lemma tri_kernel_vector_orthogonal:
  fixes a b :: "'i \<Rightarrow> nat set \<Rightarrow> real" and z0 :: "nat set \<Rightarrow> real"
  assumes "n \<ge> 3" "finite I" "card I < n"
    and D: "\<forall>u\<in>tri_V n. \<forall>v\<in>tri_V n.
              real (2 - card (u \<inter> v)) = (\<Sum>i\<in>I. a i u * b i v + b i u * a i v)"
    and z0_sum: "(\<Sum>u\<in>tri_V n. z0 u) = 0"
    and z0_incidence: "\<forall>p\<in>{1..n}. (\<Sum>u\<in>tri_V n. of_bool (p \<in> u) * z0 u) = 0"
    and "i \<in> I"
  shows "(\<Sum>u\<in>tri_V n. a i u * z0 u) = 0"
proof -
  let ?V = "tri_V n" and ?G = "tri_test_vector z0"
  obtain c where c_nonzero: "\<exists>j\<in>{1..n}. c j \<noteq> 0"
    and orth: "\<forall>i\<in>I. (\<Sum>u\<in>?V. a i u * (\<Sum>j\<in>{1..n}. c j * ?G j u)) = 0"
    using exists_nonzero_combination_orthogonal[where V = ?V and a = a and G = ?G and J = "{1..n}",
        OF assms(2) finite_atLeastAtMost] assms(3) by auto
  define z where "z u = (\<Sum>j\<in>{1..n}. c j * ?G j u)" for u
  note z_sums = tri_test_vector_combination_sums[where c = c, OF assms(1) z0_sum z0_incidence,
      folded z_def]
  have orth_z: "(\<Sum>u\<in>?V. a i u * z u) = 0" if "i \<in> I" for i
    using orth that by (simp add: z_def)
  have "(\<Sum>u\<in>?V. \<Sum>v\<in>?V. z u * z v * real (2 - card (u \<inter> v)))
      = (\<Sum>u\<in>?V. \<Sum>v\<in>?V. z u * z v * (\<Sum>i\<in>I. a i u * b i v + b i u * a i v))"
    using D by (intro sum.cong refl) simp
  also have "\<dots> = 2 * (\<Sum>i\<in>I. (\<Sum>u\<in>?V. a i u * z u) * (\<Sum>u\<in>?V. b i u * z u))"
    by (rule quadratic_form_of_symmetrized_products)
  finally have isotropic: "(\<Sum>u\<in>?V. \<Sum>v\<in>?V. z u * z v * real (2 - card (u \<inter> v))) = 0"
    by (simp add: orth_z)
  have c_vanish: "c p = 0" if "p \<in> {2..n}" for p
    using tri_isotropic_incidence_sums_vanish[OF isotropic z_sums(1), of p] z_sums(2)[OF that] that
    by simp
  have "c 1 \<noteq> 0"
  proof
    assume "c 1 = 0"
    with c_vanish have "c j = 0" if "j \<in> {1..n}" for j
      using that by (cases "j = 1") auto
    with c_nonzero show False by blast
  qed
  moreover have z_eq: "z u = c 1 * z0 u" for u
  proof -
    have "z u = (\<Sum>j\<in>{1..n}. if j = 1 then c 1 * z0 u else 0)"
      unfolding z_def using c_vanish by (intro sum.cong refl) (auto simp: tri_test_vector_def)
    then show ?thesis using assms(1) by simp
  qed
  moreover have "(\<Sum>u\<in>?V. a i u * z u) = c 1 * (\<Sum>u\<in>?V. a i u * z0 u)"
    by (simp add: z_eq sum_distrib_left mult.left_commute)
  ultimately show ?thesis using orth_z[OF \<open>i \<in> I\<close>] by simp
qed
......
▶ **WORK ORDER**: Exactly as they appear above, return all of the records.

▶ **SOLUTION**:
lemma tri_kernel_vector_orthogonal:
  fixes a b :: "'i \<Rightarrow> nat set \<Rightarrow> real" and z0 :: "nat set \<Rightarrow> real"
  assumes "n \<ge> 3" "finite I" "card I < n"
    and D: "\<forall>u\<in>tri_V n. \<forall>v\<in>tri_V n.
              real (2 - card (u \<inter> v)) = (\<Sum>i\<in>I. a i u * b i v + b i u * a i v)"
    and z0_sum: "(\<Sum>u\<in>tri_V n. z0 u) = 0"
    and z0_incidence: "\<forall>p\<in>{1..n}. (\<Sum>u\<in>tri_V n. of_bool (p \<in> u) * z0 u) = 0"
    and "i \<in> I"
  shows "(\<Sum>u\<in>tri_V n. a i u * z0 u) = 0"
proof -
  let ?V = "tri_V n" and ?G = "tri_test_vector z0"
  obtain c where c_nonzero: "\<exists>j\<in>{1..n}. c j \<noteq> 0"
    and orth: "\<forall>i\<in>I. (\<Sum>u\<in>?V. a i u * (\<Sum>j\<in>{1..n}. c j * ?G j u)) = 0"
    using exists_nonzero_combination_orthogonal[where V = ?V and a = a and G = ?G and J = "{1..n}",
        OF assms(2) finite_atLeastAtMost] assms(3) by auto
  define z where "z u = (\<Sum>j\<in>{1..n}. c j * ?G j u)" for u
  note z_sums = tri_test_vector_combination_sums[where c = c, OF assms(1) z0_sum z0_incidence,
      folded z_def]
  have orth_z: "(\<Sum>u\<in>?V. a i u * z u) = 0" if "i \<in> I" for i
    using orth that by (simp add: z_def)
  have "(\<Sum>u\<in>?V. \<Sum>v\<in>?V. z u * z v * real (2 - card (u \<inter> v)))
      = (\<Sum>u\<in>?V. \<Sum>v\<in>?V. z u * z v * (\<Sum>i\<in>I. a i u * b i v + b i u * a i v))"
    using D by (intro sum.cong refl) simp
  also have "\<dots> = 2 * (\<Sum>i\<in>I. (\<Sum>u\<in>?V. a i u * z u) * (\<Sum>u\<in>?V. b i u * z u))"
    by (rule quadratic_form_of_symmetrized_products)
  finally have isotropic: "(\<Sum>u\<in>?V. \<Sum>v\<in>?V. z u * z v * real (2 - card (u \<inter> v))) = 0"
    by (simp add: orth_z)
  have c_vanish: "c p = 0" if "p \<in> {2..n}" for p
    using tri_isotropic_incidence_sums_vanish[OF isotropic z_sums(1), of p] z_sums(2)[OF that] that
    by simp
  have "c 1 \<noteq> 0"
  proof
    assume "c 1 = 0"
    with c_vanish have "c j = 0" if "j \<in> {1..n}" for j
      using that by (cases "j = 1") auto
    with c_nonzero show False by blast
  qed
  moreover have z_eq: "z u = c 1 * z0 u" for u
  proof -
    have "z u = (\<Sum>j\<in>{1..n}. if j = 1 then c 1 * z0 u else 0)"
      unfolding z_def using c_vanish by (intro sum.cong refl) (auto simp: tri_test_vector_def)
    then show ?thesis using assms(1) by simp
  qed
  moreover have "(\<Sum>u\<in>?V. a i u * z u) = c 1 * (\<Sum>u\<in>?V. a i u * z0 u)"
    by (simp add: z_eq sum_distrib_left mult.left_commute)
  ultimately show ?thesis using orth_z[OF \<open>i \<in> I\<close>] by simp
qed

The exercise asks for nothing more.